PROBLEM TO WORK ON: For the material below, return exactly the lines starting at the line containing "by (rule order_trans)" and ending at the line containing "p \<inter> path_edges", both ends included, and no others.

SOURCE MATERIAL:
(* Let $\{\Theta_n\}_{n\ge0}$ be a family of lattice congruences on the weak orders $S_n$ that is both translational and insertional (an $\mathcal{H}$-family). Then the map $c$ embeds $(\mathbb{K}[Z^\Theta_\infty],\bullet_Z,\Delta_Z)$ as a sub Hopf algebra of the Malvenuto–Reutenauer Hopf algebra $(\mathbb{K}[S_\infty],\bullet_S,\Delta_S)$.
   Context: $S_n$: permutations of $[n]$ in one-line notation, with the right weak order (inclusion of sets of inverted value pairs), a lattice. $u\times v=u_1\cdots u_p(p+v_1)\cdots(p+v_q)$ for $u\in S_p,v\in S_q$. $\mathrm{st}(a_1,\dots,a_k)$ is the $u\in S_k$ with $u_i<u_j\iff a_i<a_j$. For $x\in S_{p+q}$, $x_{\bar p}:=u\times v$ with $u$ ($v$) the standardization of the subsequence of entries of $x$ in $[1,p]$ (in $[p+1,p+q]$). $\pi_\downarrow x$: minimum of the $\Theta_n$-class of $x$. Translational: $u\times v\equiv u'\times v'\pmod{\Theta_{p+q}}$ iff $u\equiv u'\pmod{\Theta_p}$ and $v\equiv v'\pmod{\Theta_q}$, for all $p,q$. Insertional: for every $p$-subset $Q\subseteq[p+q]$ and $\varphi_Q(u,v)$ the unique $x\in S_{p+q}$ with $\{x_1,..,x_p\}=Q$, $\mathrm{st}(x_1..x_p)=u$, $\mathrm{st}(x_{p+1}..x_{p+q})=v$: if $u\equiv u'$ mod $\Theta_p$ and $v\equiv v'$ mod $\Theta_q$ then $\varphi_Q(u,v)\equiv\varphi_Q(u',v')$ mod $\Theta_{p+q}$. $\mathbb{K}[S_\infty]=\bigoplus_n\mathbb{K}[S_n]$ ($\mathbb{K}$ a field) with $u\bullet_S v=\sum_{x\in S_{p+q},x_{\bar p}=u\times v}x$ and $\Delta_S(x)=\sum_{p=0}^n\mathrm{st}(x_1..x_p)\otimes\mathrm{st}(x_{p+1}..x_n)$. $Z_n=\{x\in S_n:\pi_\downarrow x=x\}$, $\mathbb{K}[Z^\Theta_\infty]=\bigoplus_n\mathbb{K}[Z_n]$, $u\bullet_Z v=\sum_{x\in Z_{p+q},x_{\bar p}=u\times v}x$; $c$ maps $x\in Z_n$ to the sum of its class; $r$ fixes $x$ if $\pi_\downarrow x=x$ and kills it otherwise; $\Delta_Z=(r\otimes r)\circ\Delta_S\circ c$. *)

theory Defs
  imports Main
begin

text \<open>A permutation of [n] is the list of its values (one-line notation).\<close>
definition Sn :: "nat \<Rightarrow> nat list set" where
  "Sn n = {xs. distinct xs \<and> set xs = {1..n}}"

definition inv_set :: "nat list \<Rightarrow> (nat \<times> nat) set" where
  "inv_set xs = {(a, b). a < b \<and> (\<exists>i j. i < j \<and> j < length xs \<and> xs ! i = b \<and> xs ! j = a)}"

definition weak_le :: "nat list \<Rightarrow> nat list \<Rightarrow> bool" where
  "weak_le x y \<longleftrightarrow> inv_set x \<subseteq> inv_set y"

definition wmeet :: "nat \<Rightarrow> nat list \<Rightarrow> nat list \<Rightarrow> nat list" where
  "wmeet n x y = (THE m. m \<in> Sn n \<and> weak_le m x \<and> weak_le m y \<and>
      (\<forall>z\<in>Sn n. weak_le z x \<and> weak_le z y \<longrightarrow> weak_le z m))"

definition wjoin :: "nat \<Rightarrow> nat list \<Rightarrow> nat list \<Rightarrow> nat list" where
  "wjoin n x y = (THE m. m \<in> Sn n \<and> weak_le x m \<and> weak_le y m \<and>
      (\<forall>z\<in>Sn n. weak_le x z \<and> weak_le y z \<longrightarrow> weak_le m z))"

definition lattice_cong :: "nat \<Rightarrow> (nat list \<times> nat list) set \<Rightarrow> bool" where
  "lattice_cong n R \<longleftrightarrow> equiv (Sn n) R \<and>
     (\<forall>x y z. (x, y) \<in> R \<and> z \<in> Sn n \<longrightarrow>
        (wmeet n x z, wmeet n y z) \<in> R \<and> (wjoin n x z, wjoin n y z) \<in> R)"

definition st :: "nat list \<Rightarrow> nat list" where
  "st as = map (\<lambda>a. card {b \<in> set as. b \<le> a}) as"

definition shift_prod :: "nat list \<Rightarrow> nat list \<Rightarrow> nat list" where
  "shift_prod u v = u @ map (\<lambda>b. length u + b) v"

definition bar :: "nat \<Rightarrow> nat list \<Rightarrow> nat list" where
  "bar p x = shift_prod (st (filter (\<lambda>a. a \<le> p) x)) (st (filter (\<lambda>a. p < a) x))"

definition phi :: "nat set \<Rightarrow> nat list \<Rightarrow> nat list \<Rightarrow> nat list" where
  "phi Q u v = (THE x. x \<in> Sn (length u + length v) \<and> set (take (length u) x) = Q \<and>
      st (take (length u) x) = u \<and> st (drop (length u) x) = v)"

definition translational :: "(nat \<Rightarrow> (nat list \<times> nat list) set) \<Rightarrow> bool" where
  "translational \<Theta> \<longleftrightarrow> (\<forall>p q u u' v v'. u \<in> Sn p \<longrightarrow> u' \<in> Sn p \<longrightarrow> v \<in> Sn q \<longrightarrow> v' \<in> Sn q \<longrightarrow>
     ((shift_prod u v, shift_prod u' v') \<in> \<Theta> (p + q) \<longleftrightarrow> (u, u') \<in> \<Theta> p \<and> (v, v') \<in> \<Theta> q))"

definition insertional :: "(nat \<Rightarrow> (nat list \<times> nat list) set) \<Rightarrow> bool" where
  "insertional \<Theta> \<longleftrightarrow> (\<forall>p q Q u u' v v'. Q \<subseteq> {1..p+q} \<longrightarrow> card Q = p \<longrightarrow>
     u \<in> Sn p \<longrightarrow> u' \<in> Sn p \<longrightarrow> v \<in> Sn q \<longrightarrow> v' \<in> Sn q \<longrightarrow>
     (u, u') \<in> \<Theta> p \<longrightarrow> (v, v') \<in> \<Theta> q \<longrightarrow> (phi Q u v, phi Q u' v') \<in> \<Theta> (p + q))"

definition H_family :: "(nat \<Rightarrow> (nat list \<times> nat list) set) \<Rightarrow> bool" where
  "H_family \<Theta> \<longleftrightarrow> (\<forall>n. lattice_cong n (\<Theta> n)) \<and> translational \<Theta> \<and> insertional \<Theta>"

definition pi_down :: "(nat \<Rightarrow> (nat list \<times> nat list) set) \<Rightarrow> nat list \<Rightarrow> nat list" where
  "pi_down \<Theta> x = (THE m. (m, x) \<in> \<Theta> (length x) \<and>
      (\<forall>y. (y, x) \<in> \<Theta> (length x) \<longrightarrow> weak_le m y))"

definition Zset :: "(nat \<Rightarrow> (nat list \<times> nat list) set) \<Rightarrow> nat list set" where
  "Zset \<Theta> = {x. x \<in> Sn (length x) \<and> pi_down \<Theta> x = x}"
lemma is_path_map:
  assumes f: "graph_embedding f G H" and p: "is_path G p u v"
  shows "is_path H (map f p) (f u) (f v)"
proof -
  have "set p \<subseteq> verts G" using p by (simp add: is_path_def)
  then have "inj_on f (set p)" "f ` set p \<subseteq> verts H"
    using f unfolding graph_embedding_def by (blast intro: inj_on_subset)+
  moreover have "{f (p ! i), f (p ! Suc i)} \<in> edges H" if "i < length p - 1" for i
    using f is_path_nth_edge[OF p that] by (simp add: graph_embedding_def)
  ultimately show ?thesis
    using p by (simp add: is_path_def hd_map last_map distinct_map)
qed

lemma path_interior_map_iff:
  assumes "inj_on f A" "set p \<subseteq> A" "x \<in> A"
  shows "f x \<in> path_interior (map f p) \<longleftrightarrow> x \<in> path_interior p"
proof -
  have "path_interior p \<subseteq> A" using path_interior_subset assms(2) by (rule order_trans)
  then show ?thesis unfolding path_interior_map by (rule inj_on_image_mem_iff[OF assms(1,3)])
qed

lemma path_edges_map_disjoint:
  assumes "inj_on f A" "set p \<subseteq> A" "set q \<subseteq> A" "path_edges p \<inter> path_edges q = {}"
  shows "path_edges (map f p) \<inter> path_edges (map f q) = {}"
proof -
  have "path_edges p \<subseteq> Pow A" "path_edges q \<subseteq> Pow A"
    using assms(2,3) path_edges_subset by blast+
  then show ?thesis
    using assms(4) inj_on_image_Int[OF inj_on_image_Pow[OF assms(1)]]
    by (metis image_empty path_edges_map)
qed

lemma totally_odd_strong_immersion_map:
  assumes f: "graph_embedding f G H" and imm: "totally_odd_strong_immersion G k \<pi> P"
  shows "totally_odd_strong_immersion H k (f \<circ> \<pi>) (\<lambda>i j. map f (P i j))"
proof -
  have inj: "inj_on f (verts G)" and V: "f ` verts G \<subseteq> verts H"
    using f by (auto simp: graph_embedding_def)
  have terminals: "inj_on \<pi> {..<k}" "\<pi> ` {..<k} \<subseteq> verts G"
    using imm by (simp_all add: totally_odd_strong_immersion_def)
  have paths: "\<And>i j. i < j \<Longrightarrow> j < k \<Longrightarrow>
        is_path G (P i j) (\<pi> i) (\<pi> j) \<and> odd (length (P i j) - 1) \<and> (\<forall>l<k. \<pi> l \<notin> path_interior (P i j))"
    using imm by (simp add: totally_odd_strong_immersion_def)
  have disjoint: "\<And>i j i' j'. i < j \<Longrightarrow> j < k \<Longrightarrow> i' < j' \<Longrightarrow> j' < k \<Longrightarrow> (i, j) \<noteq> (i', j') \<Longrightarrow>
        path_edges (P i j) \<inter> path_edges (P i' j') = {}"
    using imm by (simp add: totally_odd_strong_immersion_def)
  have path_verts: "set (P i j) \<subseteq> verts G" if "i < j" "j < k" for i j
    using paths[OF that] by (simp add: is_path_def)
  have "f (\<pi> l) \<notin> path_interior (map f (P i j))" if "i < j" "j < k" "l < k" for i j l
  proof -
    have "\<pi> l \<in> verts G" using terminals(2) that(3) by auto
    then have "f (\<pi> l) \<in> path_interior (map f (P i j)) \<longleftrightarrow> \<pi> l \<in> path_interior (P i j)"
      by (rule path_interior_map_iff[OF inj path_verts[OF that(1,2)]])
    with paths[OF that(1,2)] that(3) show ?thesis by simp
  qed
  moreover have "path_edges (map f (P i j)) \<inter> path_edges (map f (P i' j')) = {}"
    if "i < j" "j < k" "i' < j'" "j' < k" "(i, j) \<noteq> (i', j')" for i j i' j'
    using path_edges_map_disjoint[OF inj path_verts[OF that(1,2)] path_verts[OF that(3,4)] disjoint[OF that]] .
  moreover have "inj_on (f \<circ> \<pi>) {..<k}"
    using comp_inj_on[OF terminals(1) inj_on_subset[OF inj terminals(2)]] .
  moreover have "(f \<circ> \<pi>) ` {..<k} \<subseteq> verts H"
    using terminals(2) V by auto
  ultimately show ?thesis
    unfolding totally_odd_strong_immersion_def using paths is_path_map[OF f] by simp
qed

lemma has_toi_graph_embedding: "graph_embedding f G H \<Longrightarrow> has_toi G k \<Longrightarrow> has_toi H k"
  unfolding has_toi_def by (blast intro: totally_odd_strong_immersion_map)

lemma toi_eqI: "has_toi G k \<Longrightarrow> (\<And>k'. has_toi G k' \<Longrightarrow> k' \<le> k) \<Longrightarrow> toi G = k"
  unfolding toi_def by (rule Greatest_equality)

section \<open>Totally odd immersions and degrees\<close>

definition neighbours :: "'a graph \<Rightarrow> 'a \<Rightarrow> 'a set" where
  "neighbours G x = {y. {x, y} \<in> edges G}"
(* Let $\alpha=(\alpha_1,\ldots,\alpha_n)$ be a composition, $\sigma\in S_n$, and $i\in\{1,\ldots,n-1\}$ with $\alpha_i=\alpha_{i+1}$. The restriction $P_i:\mathrm{NAF}(\alpha,\sigma)\times\mathrm{NAF}(\alpha,\sigma s_i)\to\mathbb{Q}(q,t)$ is a probability map, i.e. $\sum_{U\in\mathrm{NAF}(\alpha,\sigma s_i)}P_i(T,U)=1$ for every $T\in\mathrm{NAF}(\alpha,\sigma)$.
   Context: Permutations are in one-line notation; $\sigma s_i$ is $\sigma$ with the entries in positions $i,i+1$ exchanged. A composition is a sequence of nonnegative integers. The skyline diagram is $\mathrm{dg}(\alpha)=\{(j,r):1\le j\le n,\ 1\le r\le\alpha_j\}$ ($j$ = column, $r$ = row) and the augmented diagram is $\mathrm{adg}(\alpha)=\mathrm{dg}(\alpha)\cup\{(j,0):1\le j\le n\}$ (row $0$ is the basement). For $u=(j,r)\in\mathrm{dg}(\alpha)$: $\mathrm{leg}(u)=\alpha_j-r$; the left arm set is $\{(j',r-1)\in\mathrm{adg}(\alpha):j'<j,\ \alpha_{j'}<\alpha_j\}$, the right arm set is $\{(j',r)\in\mathrm{dg}(\alpha):j'>j,\ \alpha_{j'}\le\alpha_j\}$, $\mathrm{Arm}(u)$ is their union and $\mathrm{arm}(u)=|\mathrm{Arm}(u)|$. Two boxes of $\mathrm{adg}(\alpha)$ attack each other if they are in the same row, or in consecutive rows with the box in the higher row strictly to the right of the box in the lower row. A filling of shape $\alpha$ and basement $\tau\in S_n$ is a map $T:\mathrm{adg}(\alpha)\to\{1,\ldots,n\}$ with $T(j,0)=\tau_j$; $\mathrm{F}(\alpha,\tau)$ is the set of these, and $\mathrm{NAF}(\alpha,\tau)$ the subset of non-attacking ones (attacking boxes have distinct entries). For integers $a,b$ let $\chi(a,b)=1$ if $a>b$ and $0$ otherwise, and $\chi(a,b,c)=\chi(a,b)+\chi(b,c)-\chi(a,c)$. Fix $i$ with $\alpha_i=\alpha_{i+1}$. For a filling $T$ and $0\le r\le\alpha_i$, $\mathrm{swap}_r(T)$ exchanges the entries of boxes $(i,r)$ and $(i+1,r)$, and $\Omega_{0,h}=\mathrm{swap}_h\circ\cdots\circ\mathrm{swap}_0$. For $T\in\mathrm{NAF}(\alpha,\tau)$ and $0\le r\le\alpha_i-1$, let $a=T(i,r)$, $b=T(i+1,r)$, $c=T(i,r+1)$, $d=T(i+1,r+1)$, $A=\mathrm{arm}(i+1,r+1)$, $\ell=\mathrm{leg}(i+1,r+1)$, and define $\rho_r(T)\in\mathbb{Q}(q,t)$: if $a,b,c,d$ are distinct, $\rho_r(T)=0$ when $\chi(c,d,a)=\chi(c,d,b)$ and $\rho_r(T)=1$ when $\chi(c,d,a)=\chi(d,c,b)$; if exactly three of them are distinct, then $\rho_r(T)=0$ if $b=c$, $\rho_r(T)=1$ if $b=d$, and $\rho_r(T)=t^{1-\chi(d,a,b)}\frac{1-q^{\ell+1}t^{A+1}}{1-q^{\ell+1}t^{A+2}}$ if $a=c$; if $a=c$ and $b=d$, $\rho_r(T)=1$. Also set $\rho_{\alpha_i}(T)=0$. For $T\in\mathrm{NAF}(\alpha,\tau)$ and $U\in\mathrm{F}(\alpha,\tau s_i)$, $P_i(T,U)=\left(\prod_{r=0}^{h-1}\rho_r(T)\right)(1-\rho_h(T))$ if $U=\Omega_{0,h}(T)$ for some $h\in\{0,\ldots,\alpha_i\}$, and $P_i(T,U)=0$ otherwise. A probability map $\mathbf{T}\times\mathbf{U}\to\mathbb{Q}(q,t)$ is a function $P$ with $\sum_{U\in\mathbf{U}}P(T,U)=1$ for all $T\in\mathbf{T}$. *)

theory Defs
  imports "HOL-Computational_Algebra.Polynomial" "HOL-Computational_Algebra.Fraction_Field"
          "HOL-Combinatorics.Permutations"
begin
lemma E_cofibrant_lowers_weight:
  assumes E: "E_cofibrant (Suc r) A" and x: "x \<in> filt A q m"
  shows "dif A x \<in> filt A (q - 1) (Suc m)"
proof -
  have F: "is_fdga A" using E unfolding E_cofibrant_def by blast
  obtain B where u: "unit A \<noteq> 0" and B00: "B 0 0 = range (\<lambda>c. sc A c (unit A))"
    and B0m: "\<forall>m. m \<noteq> 0 \<longrightarrow> B 0 m = {0}"
    and Bmono: "\<forall>i m. B i m \<subseteq> B (Suc i) m \<and> B i m \<subseteq> gr A m"
    and Bex: "\<forall>m. (\<Union>i. B i m) = gr A m"
    and ext: "\<forall>i. is_ext (Suc r) A (B i) (B (Suc i))"
    using E unfolding E_cofibrant_def by (elim exE conjE) (rule that, assumption+)
  have unitB: "unit A \<in> B i 0" for i
  proof (induction i)
    case 0
    have "sc A 1 (unit A) = unit A" using module.scale_one[OF fdga_module[OF F]] .
    then show ?case unfolding B00 by (metis rangeI)
  next
    case (Suc i) then show ?case using Bmono by blast
  qed
  have "dif A y = 0" if y: "y \<in> B 0 k" for y k
  proof (cases "k = 0")
    case True
    then obtain c where "y = sc A c (unit A)" using y B00 by auto
    moreover have "dif A (sc A c (unit A)) = sc A c (dif A (unit A))"
      using dif_linear[OF F unit_gr[OF F] unit_gr[OF F]] by blast
    ultimately show ?thesis
      using dif_unit[OF F] module.scale_zero_right[OF fdga_module[OF F]] by simp
  next
    case False
    then show ?thesis using y B0m dif_zero[OF F] by auto
  qed
  then have "lowers_weight_on A (B 0)"
    unfolding lowers_weight_on_def using filt_zero[OF F] by auto
  then have low: "lowers_weight_on A (B i)" for i
  proof (induction i)
    case (Suc i)
    then show ?case using ext_lowers_weight[OF F u, where B = "B i"] unitB ext by blast
  qed
  obtain i where "x \<in> B i m" using x filt_gr[OF F] Bex by blast
  then show ?thesis using x low unfolding lowers_weight_on_def by blast
qed

section \<open>Decalage when the differential lowers weights\<close>

lemma Dec_shift:
  assumes low: "\<And>x q m. x \<in> filt A q m \<Longrightarrow> dif A x \<in> filt A (q - 1) (Suc m)"
  shows "Dec A p n = filt A (p - int n) n"
  unfolding Dec_def using low by auto

lemma dec_fdga_simps:
  "sc (dec_fdga A) = sc A" "gr (dec_fdga A) = gr A" "mul (dec_fdga A) = mul A"
  "unit (dec_fdga A) = unit A" "dif (dec_fdga A) = dif A" "filt (dec_fdga A) = Dec A"
  by (simp_all add: dec_fdga_def)

lemma dec_filt:
  assumes low: "\<And>x q m. x \<in> filt A q m \<Longrightarrow> dif A x \<in> filt A (q - 1) (Suc m)"
  shows "filt (dec_fdga A) = (\<lambda>p n. filt A (p - int n) n)"
  using Dec_shift[OF low] by (simp add: dec_fdga_simps fun_eq_iff)

text \<open>Every axiom on the shifted filtration follows from the same axiom for W; compatibility
  with d is where the lowering of weights is needed.\<close>

lemma dec_is_fdga:
  assumes F: "is_fdga A"
    and low: "\<And>x q m. x \<in> filt A q m \<Longrightarrow> dif A x \<in> filt A (q - 1) (Suc m)"
  shows "is_fdga (dec_fdga A)"
proof -
  have filt_dec: "filt (dec_fdga A) = (\<lambda>p n. filt A (p - int n) n)"
    by (rule dec_filt) (erule low)
  have "\<forall>p n. module.subspace (sc A) (filt A (p - int n) n) \<and> filt A (p - int n) n \<subseteq> gr A n"
    using filt_subspace_gr[OF F] by blast
  moreover have "\<forall>p n. filt A (p - int n) n \<subseteq> filt A (p + 1 - int n) n"
    using filt_step[OF F] by (simp add: diff_add_eq[symmetric])
  moreover have "\<forall>p n. \<forall>x\<in>filt A (p - int n) n. dif A x \<in> filt A (p - int (Suc n)) (Suc n)"
  proof (intro allI ballI)
    fix p n x assume "x \<in> filt A (p - int n) n"
    then have "dif A x \<in> filt A (p - int n - 1) (Suc n)" by (rule low)
    then show "dif A x \<in> filt A (p - int (Suc n)) (Suc n)" by (simp add: algebra_simps)
  qed
  moreover have "\<forall>p q m n. \<forall>x\<in>filt A (p - int m) m. \<forall>y\<in>filt A (q - int n) n.
      mul A x y \<in> filt A (p + q - int (m + n)) (m + n)"
  proof (intro allI ballI)
    fix p q m n x y assume "x \<in> filt A (p - int m) m" "y \<in> filt A (q - int n) n"
    then have "mul A x y \<in> filt A (p - int m + (q - int n)) (m + n)" by (rule filt_mul[OF F])
    then show "mul A x y \<in> filt A (p + q - int (m + n)) (m + n)" by (simp add: algebra_simps)
  qed
  moreover have "\<forall>n. \<exists>q. filt A (q - int n) n = {0}"
  proof
    fix n obtain q where "filt A q n = {0}" using filt_regular[OF F] by blast
    then show "\<exists>q. filt A (q - int n) n = {0}" by (intro exI[of _ "q + int n"]) simp
  qed
  moreover have "\<forall>n. (\<Union>p. filt A (p - int n) n) = gr A n"
  proof
    fix n
    have "(\<lambda>p. filt A p n) ` range (\<lambda>p. p - int n) = range (\<lambda>p. filt A (p - int n) n)"
      by (rule image_image)
    then have "(\<Union>p. filt A (p - int n) n) = (\<Union>p. filt A p n)" by (metis surj_diff_right)
    then show "(\<Union>p. filt A (p - int n) n) = gr A n" using filt_exhaustive[OF F] by simp
  qed
  moreover have "unit A \<in> filt A (0 - int 0) 0" using unit_filt[OF F] by simp
  ultimately show ?thesis
    using F[unfolded is_fdga_def] unfolding is_fdga_def filt_dec dec_fdga_simps(1-5)
    by (elim conjE) (intro conjI; assumption)
qed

EXERCISE RESULT:
  have "path_interior p \<subseteq> A" using path_interior_subset assms(2) by (rule order_trans)
  then show ?thesis unfolding path_interior_map by (rule inj_on_image_mem_iff[OF assms(1,3)])
qed

lemma path_edges_map_disjoint:
  assumes "inj_on f A" "set p \<subseteq> A" "set q \<subseteq> A" "path_edges p \<inter> path_edges q = {}"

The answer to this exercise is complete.